When monitoring exchanges between adjacent marginal seas, measurements of the volume transport through connecting straits are essential. In such cases, acoustic Doppler current profilers (ADCPs) mounted at the bottom of ferries that regularly cross such straits can provide useful platforms for directly monitoring strait currents. However, since their observations would naturally be confined to each ferry’s set route, it would be impossible for them to observe all relevant current patterns. In addition, a ship-mounted ADCP is very expensive to install, maintain, and (when necessary) remove. In this chapter, we will describe alternative indirect remote sensing techniques that can be used to observe surface velocities in the Korea Strait between Japan and Korea. One such technique involves a high-frequency (HF) ocean radar system that can provide synoptic views of the surface velocity field with high resolutions in both space and time, even though additional processes are required to separate the geostrophic ocean currents from the ageostrophic tidal and wind-driven currents. Alternatively, slopes of the sea surface dynamic height (SSDH) can provide a geostrophic component of the surface velocity. Unfortunately, the satellite altimeters that are most commonly used to measure the SSDH field in open oceans are unsuitable for use in narrow straits.

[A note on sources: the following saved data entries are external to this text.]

(* Every $k$-uniform $(D,c,\epsilon)$-structure with $D\ge 1$ is a $(\lambda,p)_k$-structure for $\lambda=c$ and $p=D^{-\epsilon/k}$.
   Context: For a hypergraph $\mathcal{H}$, $\Delta_i(\mathcal{H})$ is the maximum number of edges containing a fixed vertex set of size $i$. For parameters $D,c>0$ and $0<\epsilon\le 1$, a $k$-uniform hypergraph $\mathcal{H}$ is a $(D,c,\epsilon)$-structure if (i) $|\mathcal{E}(\mathcal{H})|\ge D|V(\mathcal{H})|$, (ii) $\Delta_1(\mathcal{H})\le cD$, (iii) $\Delta_2(\mathcal{H})\le cD^{1-\epsilon}$. For $p\in(0,1]$: $w_p(\mathcal{H})=\sum_{E}p^{|E|}$; $\bar w_p(\mathcal{H})=w_p(\mathcal{H})/|V(\mathcal{H})|$; $\Delta_{i,p}(\mathcal{H})=\max_{|L|=i}\sum_{E\supseteq L}p^{|E|}$. A hypergraph is $k$-bounded if all edges have size at most $k$; it is a $(\lambda,p)_k$-structure if it is $k$-bounded with (1) $\bar w_p(\mathcal{H})\ge p$, (2) $\Delta_{1,p}(\mathcal{H})\le\lambda\bar w_p(\mathcal{H})$, (3) $\Delta_{2,p}(\mathcal{H})\le\lambda\bar w_p(\mathcal{H})p^k$. *)

theory Defs
  imports Complex_Main
begin

definition hypergraph :: "'a set \<Rightarrow> 'a set set \<Rightarrow> bool" where
  "hypergraph V E \<longleftrightarrow> finite V \<and> (\<forall>e\<in>E. e \<subseteq> V)"

definition uniform :: "nat \<Rightarrow> 'a set \<Rightarrow> 'a set set \<Rightarrow> bool" where
  "uniform k V E \<longleftrightarrow> hypergraph V E \<and> (\<forall>e\<in>E. card e = k)"

definition bounded :: "nat \<Rightarrow> 'a set \<Rightarrow> 'a set set \<Rightarrow> bool" where
  "bounded k V E \<longleftrightarrow> hypergraph V E \<and> (\<forall>e\<in>E. card e \<le> k)"

definition Delta :: "nat \<Rightarrow> 'a set \<Rightarrow> 'a set set \<Rightarrow> nat" where
  "Delta i V E = Max (insert 0 {card {e\<in>E. L \<subseteq> e} | L. L \<subseteq> V \<and> card L = i})"

definition w_p :: "real \<Rightarrow> 'a set \<Rightarrow> 'a set set \<Rightarrow> real" where
  "w_p p V E = (\<Sum>e\<in>E. p ^ card e)"

definition wbar_p :: "real \<Rightarrow> 'a set \<Rightarrow> 'a set set \<Rightarrow> real" where
  "wbar_p p V E = w_p p V E / real (card V)"

definition Delta_p :: "nat \<Rightarrow> real \<Rightarrow> 'a set \<Rightarrow> 'a set set \<Rightarrow> real" where
  "Delta_p i p V E = Max (insert 0 {(\<Sum>e\<in>{e\<in>E. L \<subseteq> e}. p ^ card e) | L. L \<subseteq> V \<and> card L = i})"

definition DCeps_structure :: "nat \<Rightarrow> real \<Rightarrow> real \<Rightarrow> real \<Rightarrow> 'a set \<Rightarrow> 'a set set \<Rightarrow> bool" where
  "DCeps_structure k D c \<epsilon> V E \<longleftrightarrow> uniform k V E \<and>
     real (card E) \<ge> D * real (card V) \<and>
     real (Delta 1 V E) \<le> c * D \<and>
     real (Delta 2 V E) \<le> c * D powr (1 - \<epsilon>)"

definition lambda_p_structure :: "nat \<Rightarrow> real \<Rightarrow> real \<Rightarrow> 'a set \<Rightarrow> 'a set set \<Rightarrow> bool" where
  "lambda_p_structure k lam p V E \<longleftrightarrow> bounded k V E \<and>
     wbar_p p V E \<ge> p \<and>
     Delta_p 1 p V E \<le> lam * wbar_p p V E \<and>
     Delta_p 2 p V E \<le> lam * wbar_p p V E * p ^ k"

end

theory Submission
  imports Defs
begin

text \<open>In a \<open>k\<close>-uniform hypergraph every edge has weight \<open>q = p ^ k\<close>, so the weighted
  degrees are the unweighted ones scaled by \<open>q\<close> and \<open>wbar_p \<ge> D q\<close>. For \<open>p = D powr (-\<epsilon>/k)\<close>
  we get \<open>q \<ge> D powr -\<epsilon>\<close> (equality unless \<open>k = 0\<close>), hence
  \<open>wbar_p \<ge> D q \<ge> D powr (1 - \<epsilon>) \<ge> 1 \<ge> p\<close>, \<open>\<Delta>\<^sub>1\<^sub>,\<^sub>p \<le> c D q \<le> c wbar_p\<close> and
  \<open>\<Delta>\<^sub>2\<^sub>,\<^sub>p \<le> c D powr (1 - \<epsilon>) q \<le> c D q q \<le> c wbar_p q\<close>.\<close>

lemma bounded_if_uniform: "uniform k V E \<Longrightarrow> bounded k V E"
  by (simp add: uniform_def bounded_def)

lemma w_p_uniform:
  assumes "uniform k V E"
  shows "w_p p V E = real (card E) * p ^ k"
  using assms by (simp add: w_p_def uniform_def)

lemma wbar_p_uniform_ge:
  assumes "uniform k V E" and "V \<noteq> {}" and "0 \<le> p"
    and "real (card E) \<ge> D * real (card V)"
  shows "D * p ^ k \<le> wbar_p p V E"
proof -
  have "card V > 0"
    using assms(1,2) by (simp add: uniform_def hypergraph_def card_gt_0_iff)
  moreover have "D * real (card V) * p ^ k \<le> real (card E) * p ^ k"
    using assms(3,4) by (intro mult_right_mono) auto
  ultimately show ?thesis
    using assms(1) by (simp add: wbar_p_def w_p_uniform field_simps)
qed

lemma Delta_p_uniform_le:
  assumes U: "uniform k V E" and "0 \<le> p"
  shows "Delta_p i p V E \<le> real (Delta i V E) * p ^ k"
proof -
  have "finite V" using U by (simp add: uniform_def hypergraph_def)
  let ?S = "{card {e\<in>E. L \<subseteq> e} | L. L \<subseteq> V \<and> card L = i}"
  let ?T = "{(\<Sum>e\<in>{e\<in>E. L \<subseteq> e}. p ^ card e) | L. L \<subseteq> V \<and> card L = i}"
  have fin: "finite ?S" "finite ?T"
    using \<open>finite V\<close> by (auto intro: finite_subset[OF _ finite_imageI[OF finite_Pow_iff[THEN iffD2]]])
  have "(\<Sum>e\<in>{e\<in>E. L \<subseteq> e}. p ^ card e) \<le> real (Delta i V E) * p ^ k"
    if L: "L \<subseteq> V" "card L = i" for L
  proof -
    have "(\<Sum>e\<in>{e\<in>E. L \<subseteq> e}. p ^ card e) = (\<Sum>e\<in>{e\<in>E. L \<subseteq> e}. p ^ k)"
      using U by (intro sum.cong) (auto simp: uniform_def)
    also have "\<dots> = real (card {e\<in>E. L \<subseteq> e}) * p ^ k"
      by simp
    also have "card {e\<in>E. L \<subseteq> e} \<le> Delta i V E"
      unfolding Delta_def using fin(1) L by (intro Max_ge) auto
    then have "real (card {e\<in>E. L \<subseteq> e}) * p ^ k \<le> real (Delta i V E) * p ^ k"
      using \<open>0 \<le> p\<close> by (intro mult_right_mono) auto
    finally show ?thesis .
  qed
  then show ?thesis
    unfolding Delta_p_def using fin(2) \<open>0 \<le> p\<close> by (intro Max.boundedI) auto
qed

lemma powr_le_one_if_nonpos:
  fixes D a :: real
  assumes "1 \<le> D" and "a \<le> 0"
  shows "D powr a \<le> 1"
  using powr_mono[OF assms(2,1)] assms(1) by simp

lemma powr_neg_le_power_powr_div:
  fixes D \<epsilon> :: real
  assumes "1 \<le> D" and "0 \<le> \<epsilon>"
  shows "D powr (- \<epsilon>) \<le> (D powr (- \<epsilon> / real k)) ^ k"
proof (cases "k = 0")
  case True
  then show ?thesis using assms by (simp add: powr_le_one_if_nonpos)
next
  case False
  then show ?thesis using assms by (simp add: powr_power)
qed

lemma powr_one_minus_le_power_powr_div:
  fixes D \<epsilon> :: real
  assumes "1 \<le> D" and "0 \<le> \<epsilon>"
  shows "D powr (1 - \<epsilon>) \<le> D * (D powr (- \<epsilon> / real k)) ^ k"
proof -
  have "D powr (1 - \<epsilon>) = D * D powr (- \<epsilon>)"
    using assms(1) by (simp add: powr_diff powr_minus divide_inverse)
  then show ?thesis
    using assms powr_neg_le_power_powr_div by (simp add: mult_left_mono)
qed

theorem lemma3p4:
  fixes V :: "'a set" and E :: "'a set set" and k :: nat and D c \<epsilon> :: real
  assumes "V \<noteq> {}"
    and "D \<ge> 1" and "c > 0" and "0 < \<epsilon>" and "\<epsilon> \<le> 1"
    and "DCeps_structure k D c \<epsilon> V E"
  shows "lambda_p_structure k c (D powr (- \<epsilon> / real k)) V E"
proof -
  define p where "p = D powr (- \<epsilon> / real k)"
  have U: "uniform k V E" and density: "real (card E) \<ge> D * real (card V)"
    and Delta1: "real (Delta 1 V E) \<le> c * D"
    and Delta2: "real (Delta 2 V E) \<le> c * D powr (1 - \<epsilon>)"
    using assms(6) by (auto simp: DCeps_structure_def)
  have "0 < p" "p \<le> 1"
    using assms(2,4) by (auto simp: p_def intro!: powr_le_one_if_nonpos divide_nonpos_nonneg)
  have Dq: "D powr (1 - \<epsilon>) \<le> D * p ^ k"
    unfolding p_def using assms(2,4) by (intro powr_one_minus_le_power_powr_div) auto
  have wbar: "D * p ^ k \<le> wbar_p p V E"
    using U assms(1) \<open>0 < p\<close> density by (intro wbar_p_uniform_ge) auto
  have "1 \<le> D powr (1 - \<epsilon>)"
    using assms(2,5) by (simp add: ge_one_powr_ge_zero)
  then have "p \<le> wbar_p p V E"
    using \<open>p \<le> 1\<close> Dq wbar by linarith
  moreover have "Delta_p 1 p V E \<le> c * wbar_p p V E"
  proof -
    have "Delta_p 1 p V E \<le> c * D * p ^ k"
      using Delta_p_uniform_le[OF U] Delta1 \<open>0 < p\<close>
      by (meson less_imp_le mult_right_mono order_trans zero_le_power)
    also have "\<dots> \<le> c * wbar_p p V E"
      using wbar assms(3) by (simp add: mult.assoc)
    finally show ?thesis .
  qed
  moreover have "Delta_p 2 p V E \<le> c * wbar_p p V E * p ^ k"
  proof -
    have "Delta_p 2 p V E \<le> c * D powr (1 - \<epsilon>) * p ^ k"
      using Delta_p_uniform_le[OF U] Delta2 \<open>0 < p\<close>
      by (meson less_imp_le mult_right_mono order_trans zero_le_power)
    also have "\<dots> \<le> c * wbar_p p V E * p ^ k"
      using Dq wbar assms(3) \<open>0 < p\<close> by (intro mult_right_mono mult_left_mono) auto
    finally show ?thesis .
  qed
  ultimately show ?thesis
    using bounded_if_uniform[OF U] by (simp add: lambda_p_structure_def p_def)
qed

end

Instead, the use of global navigation satellite systems (GNSS) is showing promise as a way to obtain the coastal SSDH, even though proper spatial smoothing processes are still required.


Tsushima Warm Current HF ocean radar Coastal altimetry GNSS Sea surface dynamic height ADCP 



This work is partially supported by the Japan Society for the Promotion of Science (JSPS) KAKENHI Grant Number JP25247076.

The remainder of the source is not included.